Yumuşak bir mizaca sahip olsa da, kurallar ve disipline olumlu tepki verse de her çocuğun zaman zaman kendini kaybedip, çığlıklar attığı, hiç durmadan bağırdığı veya ağladığı anne-babasının sınırlarını ve sinirlerini zorladığı huysuzluk krizleri geçirdiği bir dönem vardır. Huysuzluk krizleri genellikle 18 ay ile 3 yaş arasında yoğun bir şekilde yaşanır, 5- 6 yaş gibi de artık gitgide azalmaya başlar.
Huysuzluk Krizleri Hakkında Bilinmesi Gerekenler
Huysuzluk krizlerinde en rahatlıkla görülen duygu öfke olsa da, panik ya da hayal kırıklığı gibi başka duygular da krizlere eşlik eder. Hayal kırıklığı, öfke, kafa karışıklığı, korku, üzüntü ve kayıp duyguları krizlere neden olabilir.
Huysuzluk krizleri çocuk kendi başınayken yaşanmaz, birinin varlığında olur. Genellikle tanıdık ve güvenilen birinin varlığında görülür. Bu nedenle sadece tepkisel değil, ilişkiseldir.
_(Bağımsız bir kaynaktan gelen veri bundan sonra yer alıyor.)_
lemma minimax_finite:
  fixes X :: "'b topology" and mix :: "real \<Rightarrow> 'b \<Rightarrow> 'b \<Rightarrow> 'b"
    and g :: "'i \<Rightarrow> 'b \<Rightarrow> real" and I :: "'i set"
  assumes "finite I"
    and "compactin X K"
    and "\<And>t y z. y\<in>K \<Longrightarrow> z\<in>K \<Longrightarrow> 0\<le>t \<Longrightarrow> t\<le>1 \<Longrightarrow> mix t y z \<in> K"
    and "\<forall>i\<in>I. affine_cont_on X K mix (g i)"
    and "\<And>y. y\<in>K \<Longrightarrow> \<exists>i\<in>I. g i y < 0"
    and "K \<noteq> {}"
  shows "\<exists>t. (\<forall>i\<in>I. 0 \<le> t i) \<and> sum t I = 1 \<and> (\<forall>y\<in>K. (\<Sum>i\<in>I. t i * g i y) < 0)"
  using assms
proof (induction I arbitrary: K rule: finite_induct)
  case empty
  then show ?case by auto
next
  case (insert j I)
  note cpt = insert.prems(1) and mixK = insert.prems(2) and aff = insert.prems(3)
    and cov = insert.prems(4)
  define K' where "K' = {y\<in>K. 0 \<le> g j y}"
  show ?case
  proof (cases "K' = {}")
    case True
    have "(\<Sum>i\<in>I. (if i = j then 1 else 0) * g i y) = 0" for y
      using insert.hyps by (intro sum.neutral) auto
    with True show ?thesis
      by (intro exI[where x="\<lambda>i. if i = j then 1 else 0"]) (auto simp: K'_def insert.hyps)
  next
    case False
    have gj: "affine_cont_on X K mix (g j)" using aff by simp
    have "K' \<subseteq> K" unfolding K'_def by auto
    \<comment> \<open>Where \<open>g j\<close> is nonnegative, the remaining functions already cover.\<close>
    have "\<exists>s. (\<forall>i\<in>I. 0 \<le> s i) \<and> sum s I = 1 \<and> (\<forall>y\<in>K'. (\<Sum>i\<in>I. s i * g i y) < 0)"
    proof (rule insert.IH)
      show "compactin X K'"
        unfolding K'_def using compactin_nonneg_part[OF cpt] gj by (simp add: affine_cont_on_def)
      show "mix t y z \<in> K'" if "y\<in>K'" "z\<in>K'" "0\<le>t" "t\<le>1" for t y z
        using gj mixK[of y z t] that \<open>K' \<subseteq> K\<close> unfolding K'_def affine_cont_on_def by auto
      show "\<forall>i\<in>I. affine_cont_on X K' mix (g i)"
        using aff affine_cont_on_subset[OF _ \<open>K' \<subseteq> K\<close>] by blast
      show "\<exists>i\<in>I. g i y < 0" if "y \<in> K'" for y
        using cov[of y] that unfolding K'_def by force
    qed (use False in simp)
    then obtain s where s: "\<forall>i\<in>I. 0 \<le> s i" "sum s I = 1" "\<forall>y\<in>K'. (\<Sum>i\<in>I. s i * g i y) < 0"
      by blast
    define h where "h = (\<lambda>y. \<Sum>i\<in>I. s i * g i y)"
    have "\<exists>r. 0\<le>r \<and> r\<le>1 \<and> (\<forall>y\<in>K. r * h y + (1-r) * g j y < 0)"
    proof (rule minimax_two[OF cpt mixK _ gj])
      show "affine_cont_on X K mix h"
        unfolding h_def using insert.hyps aff by (intro affine_cont_on_sum) auto
      show "h y < 0 \<or> g j y < 0" if "y \<in> K" for y
        using s(3) that unfolding K'_def h_def by force
    qed (use insert.prems(5) in auto)
    then obtain r where r: "0\<le>r" "r\<le>1" "\<forall>y\<in>K. r * h y + (1-r) * g j y < 0" by blast
    note w = convex_weights_insert[OF insert.hyps s(1,2) r(1,2)]
    show ?thesis
    proof (intro exI[of _ "\<lambda>i. if i = j then 1 - r else r * s i"] conjI w(1,2) ballI)
      fix y assume "y \<in> K"
      then show "(\<Sum>i\<in>insert j I. (if i = j then 1 - r else r * s i) * g i y) < 0"
        using w(3)[of "\<lambda>i. g i y"] r(3) unfolding h_def by simp
    qed
  qed
qed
Bu krizler 4-5 yaşlarındaki çocuklarda daha seyrek görünür ve daha kolay yatıştırılır. Bu yaş çocukları duyguları hakkında konuşabildikleri için, kızgınlıklarını ve hayal kırıklıklarını sözel olarak ifade edebilirler. Sözel ifade yoluyla, krizler olmadan da duygularını açığa vurmaları mümkün olur.
Krizlerin önemli bir kısmı evde gerçekleşir. Ancak en kötü krizler halka açık yerlerde olur. Anne-babayı en çok kızdıran ve utandıran krizler de bunlardır, zaten ortaya çıkışlarında çocuğun bunu fark etmesinin payı da büyüktür.
Krizlerde en sık görülen davranışlar bağırma, çığlık atma, ağlama, vurma, tekmeleme, nefesini tutma ve kendini yere atmadır.
Büyük krizlerde nadiren çocuk yüzü morarana, neredeyse bilincini yitirene dek nefesini tutar. Ancak doğal refleksler herhangi bir zarar meydana gelmeden devreye girer.
Krizlerin bir kısmı anne ve babayı kontrol etme ve yönetme çabasıyla ortaya çıksa da çok önemli bir kısmı zor duygularla baş etme becerileri henüz gelişmemiş olan çocuğun taşıyamadığı duyguları karşısındaki çaresizliğini ve paniğini yansıtır.
Huysuzluk Krizlerini Tetikleyen Sebepler
Huysuzluk krizlerinin, çocuğun doğal karakteriyle ilgili bir yanı da vardır. Ancak bazı durumlar vardır ki, hangi çocuk olursa olsun huysuzluk krizine yol açabilir. Aslında bu liste oldukça uzun bir listedir.
Dikkat çekme çabası: Çocuğun ilk krizleri bu amaca yönelik olmasa da, aşırı tepkiler gösterildiğinde, sonraki krizlerin şiddeti ve sıklığı artacaktır. Bu nedenle huysuzluk nöbetlerine, öyle hissetmiyor bile olsanız sakin tepki vermek önemlidir.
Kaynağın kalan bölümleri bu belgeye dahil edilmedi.